25. The method according to claim 14, wherein the porous encapsulation medium contains an antibiotic.
26. The method according to claim 14, wherein the porous encapsulation medium includes a crosslinking agent.
27. The method according to claim 14, further comprising drying and / or dehydrating the pharmaceutical composition to produce a dried pharmaceutical composition.
28. The method according to claim 27, further comprising molding the dried pharmaceutical composition by a thermoforming process.
29. A pharmaceutical composition produced by the method described in claim 14.
30. The pharmaceutical composition according to claim 29, having an ultimate tensile strength (UTS) of at least 30 MPa, an elongation at break of at least 300%, and / or a yield strength of at least 15 MPa.
31. The pharmaceutical composition comprises at least 6% by weight of the active pharmaceutical ingredient. The aforementioned active pharmaceutical ingredient, when measured in water at 37°C, was found to have a concentration of 100 cm over 28 days. 2 Having a release rate of at least 0.1 mg / day and / or a cumulative release of at least 3% over 5 days, The pharmaceutical composition according to claim 29.
32. The pharmaceutical composition according to claim 29, wherein the active pharmaceutical ingredient comprises gentamicin sulfate.
33. A medical device comprising the pharmaceutical composition described in claim 1.
34. The medical device according to claim 33, which is an implant.
35. A medical device according to claim 34, which is a joint replacement implant.
36. A medical device according to claim 34, which is a joint replacement spacer for the treatment and / or prevention of infectious diseases.
37. A joint replacement implant comprising a thermoformed polymer material containing ultra-high molecular weight polyethylene (UHMWPE) and gentamicin sulfate, wherein gentamicin sulfate particles are encapsulated within the pores of the thermoformed polymer material.
38. The joint replacement implant according to claim 37, wherein the gentamicin sulfate particles have an average size of less than 1 μm.
39. The joint replacement implant according to claim 37, comprising approximately 2% to approximately 20% by weight of gentamicin sulfate.
40. A method for preparing implants, A dispersion of gentamicin sulfate is prepared in a liquid phase containing a solvent and a non-solvent.
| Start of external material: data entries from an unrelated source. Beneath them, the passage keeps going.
(* Assume $\sum_{i=1}^M b_i\ge1$ and let $\mathbf r^\star(\epsilon)$ be the energy-adequate solution. Then $\lim_{\epsilon\to0^+}|\bar\Delta(\mathbf r^\star(\epsilon))-\bar\Delta_{\mathrm{opt}}(\epsilon)|=0$, and $$\lim_{\epsilon\to0^+}\bar\Delta_{\mathrm{opt}}(\epsilon)=\sum_{i=1}^M\Big[\frac{w_i}{\min\{b_i,\beta^\star\sqrt{w_i}\}}+w_i\Big].$$
   Context: Fix an integer $M\ge1$, weights $w_1,\dots,w_M>0$, constants $b_1,\dots,b_M>0$, and $\epsilon>0$. For $\mathbf r\in(0,\infty)^M$ write $S(\mathbf r)=\sum_{i=1}^M r_i$ and define $$\bar\Delta(\mathbf r)=\sum_{l=1}^M \frac{w_l e^{-r_l\epsilon}}{r_l}\, e^{\epsilon S(\mathbf r)}\big(1+S(\mathbf r)\big)+\sum_{l=1}^M w_l,\qquad \sigma_l(\mathbf r)=\frac{(1-e^{-r_l\epsilon})S(\mathbf r)+r_le^{-r_l\epsilon}}{S(\mathbf r)+1}.$$ Problem 1: minimize $\bar\Delta(\mathbf r)$ over $\mathbf r\in(0,\infty)^M$ subject to $\sigma_l(\mathbf r)\le b_l$ for all $l$; its optimal (infimum) value is $\bar\Delta_{\mathrm{opt}}(\epsilon)$. Energy-adequate solution (when $\sum_i b_i\ge1$): let $\beta^\star\in[0,\max_l b_l/\sqrt{w_l}]$ be the root of $\sum_{i=1}^M\min\{b_i,\beta^\star\sqrt{w_i}\}=1$, let $x^\star=-\tfrac12+\sqrt{\tfrac14+\tfrac1\epsilon}$, and set $r^\star_l=\min\{b_l,\beta^\star\sqrt{w_l}\}\,x^\star$. *)

theory Defs
  imports "HOL-Analysis.Analysis"
begin

text \<open>Indices are 0..M-1 (i.e. the set {..<M}); vectors r are functions nat => real,
 only the values at indices < M matter.\<close>

definition Ssum :: "nat \<Rightarrow> (nat \<Rightarrow> real) \<Rightarrow> real" where
  "Ssum M r = (\<Sum>i<M. r i)"

definition Delta_bar :: "nat \<Rightarrow> (nat \<Rightarrow> real) \<Rightarrow> real \<Rightarrow> (nat \<Rightarrow> real) \<Rightarrow> real" where
  "Delta_bar M w eps r =
     (\<Sum>l<M. w l * exp (- r l * eps) / r l) * exp (eps * Ssum M r) * (1 + Ssum M r)
     + (\<Sum>l<M. w l)"

definition sigma :: "nat \<Rightarrow> real \<Rightarrow> (nat \<Rightarrow> real) \<Rightarrow> nat \<Rightarrow> real" where
  "sigma M eps r l =
     ((1 - exp (- r l * eps)) * Ssum M r + r l * exp (- r l * eps)) / (Ssum M r + 1)"

definition feasible :: "nat \<Rightarrow> (nat \<Rightarrow> real) \<Rightarrow> real \<Rightarrow> (nat \<Rightarrow> real) \<Rightarrow> bool" where
  "feasible M b eps r \<longleftrightarrow> (\<forall>l<M. 0 < r l \<and> sigma M eps r l \<le> b l)"

definition Delta_opt :: "nat \<Rightarrow> (nat \<Rightarrow> real) \<Rightarrow> (nat \<Rightarrow> real) \<Rightarrow> real \<Rightarrow> real" where
  "Delta_opt M w b eps = Inf {Delta_bar M w eps r | r. feasible M b eps r}"

definition x_star :: "real \<Rightarrow> real" where
  "x_star eps = - 1/2 + sqrt (1/4 + 1/eps)"

definition r_star :: "(nat \<Rightarrow> real) \<Rightarrow> (nat \<Rightarrow> real) \<Rightarrow> real \<Rightarrow> real \<Rightarrow> nat \<Rightarrow> real" where
  "r_star w b beta eps l = min (b l) (beta * sqrt (w l)) * x_star eps"

end

theory Submission
  imports Defs "HOL-Real_Asymp.Real_Asymp"
begin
An implant composition is manufactured by contacting a porous encapsulation medium containing ultra-high molecular weight polyethylene (UHMWPE) with the dispersion of gentamicin sulfate, thereby encapsulating the gentamicin sulfate particles within the pores of the porous encapsulation medium. A method comprising manufacturing the implant by thermoforming the implant composition.
41. A dry implant composition is produced by removing the solvent and the non-solvent from the implant composition. The process includes manufacturing the implant by thermoforming the dried implant composition. The method according to claim 40.
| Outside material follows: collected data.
(* Let $X\subseteq\mathbb{R}^m$ be compact, $\mathsf{H}$ a separable Hilbert space, and $\mathcal{P}\in\mathcal{B}_2(L^2(X;\mathsf{H}))$ Hermitian and non-negative definite with continuous kernel $P\in C^0(X\times X;\mathcal{B}_2(\mathsf{H}))$. Let $\{(\lambda_\ell,\phi_\ell)\}_\ell$ be the eigenpairs of $\mathcal{P}$ with $\{\phi_\ell\}$ orthonormal and continuous. If the series $$R(x,y)=\sum_{\ell=1}^\infty\lambda_\ell\,\phi_\ell(x)\otimes\phi_\ell(y)$$ converges in $\mathcal{B}_2(\mathsf{H})$ uniformly in either $x$ or $y$, then $P(x,y)=R(x,y)$ for all $(x,y)\in X\times X$.
   Context: For $a,b\in\mathsf{H}$ (inner product conjugate linear in the first slot), $a\otimes b$ is the rank-one operator $(a\otimes b)h=\langle b,h\rangle_{\mathsf{H}}a$.
   Formalization: X is also such that every nonempty relatively open subset of X has positive Lebesgue measure. The statement above fails without it. *)

theory Defs
  imports "HOL-Analysis.Analysis"
begin

text \<open>The distribution has no class of complex inner product spaces, so we introduce one.
  The inner product is conjugate linear in the first slot and linear in the second.\<close>

class complex_inner = real_normed_vector +
  fixes scaleC :: "complex \<Rightarrow> 'a \<Rightarrow> 'a"
  fixes cinner :: "'a \<Rightarrow> 'a \<Rightarrow> complex"
  assumes scaleC_of_real: "scaleC (complex_of_real r) x = scaleR r x"
  assumes scaleC_add_right: "scaleC a (x + y) = scaleC a x + scaleC a y"
  assumes scaleC_add_left: "scaleC (a + b) x = scaleC a x + scaleC b x"
  assumes scaleC_scaleC: "scaleC a (scaleC b x) = scaleC (a * b) x"
  assumes norm_scaleC: "norm (scaleC a x) = cmod a * norm x"
  assumes cinner_commute: "cinner x y = cnj (cinner y x)"
  assumes cinner_add_right: "cinner x (y + z) = cinner x y + cinner x z"
  assumes cinner_scaleC_right: "cinner x (scaleC a y) = a * cinner x y"
  assumes cinner_self: "cinner x x = complex_of_real ((norm x)\<^sup>2)"

definition bounded_clinear :: "('a::complex_inner \<Rightarrow> 'b::complex_inner) \<Rightarrow> bool" where
  "bounded_clinear T \<longleftrightarrow> bounded_linear T \<and> (\<forall>c x. T (scaleC c x) = scaleC c (T x))"

definition is_onb :: "'a::complex_inner set \<Rightarrow> bool" where
  "is_onb B \<longleftrightarrow> (\<forall>e\<in>B. norm e = 1) \<and> (\<forall>e\<in>B. \<forall>f\<in>B. e \<noteq> f \<longrightarrow> cinner e f = 0)
     \<and> (\<forall>x. (\<forall>e\<in>B. cinner e x = 0) \<longrightarrow> x = 0)"

definition hilbert_schmidt :: "('a::complex_inner \<Rightarrow> 'a) \<Rightarrow> bool" where
  "hilbert_schmidt T \<longleftrightarrow> bounded_clinear T \<and>
     (\<exists>B. is_onb B \<and> (\<lambda>e. (norm (T e))\<^sup>2) summable_on B)"

definition hs_norm :: "('a::complex_inner \<Rightarrow> 'a) \<Rightarrow> real" where
  "hs_norm T = sqrt (\<Sum>\<^sub>\<infinity>e\<in>(SOME B. is_onb B). (norm (T e))\<^sup>2)"

text \<open>Rank-one operator (a \<otimes> b) h = \<langle>b,h\<rangle> a.\<close>
definition rank1 :: "'a::complex_inner \<Rightarrow> 'a \<Rightarrow> 'a \<Rightarrow> 'a" where
  "rank1 a b = (\<lambda>h. scaleC (cinner b h) a)"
42. The method according to claim 40, wherein the gentamicin sulfate particles have an average size of less than 1 μm.
43. The method according to claim 40, wherein the implant contains about 2% to about 20% by weight of gentamicin sulfate.
44. The method according to claim 40, further comprising processing the implant manufactured by thermoforming to form a shaped implant.
45. An implant manufactured by the method described in claim 40.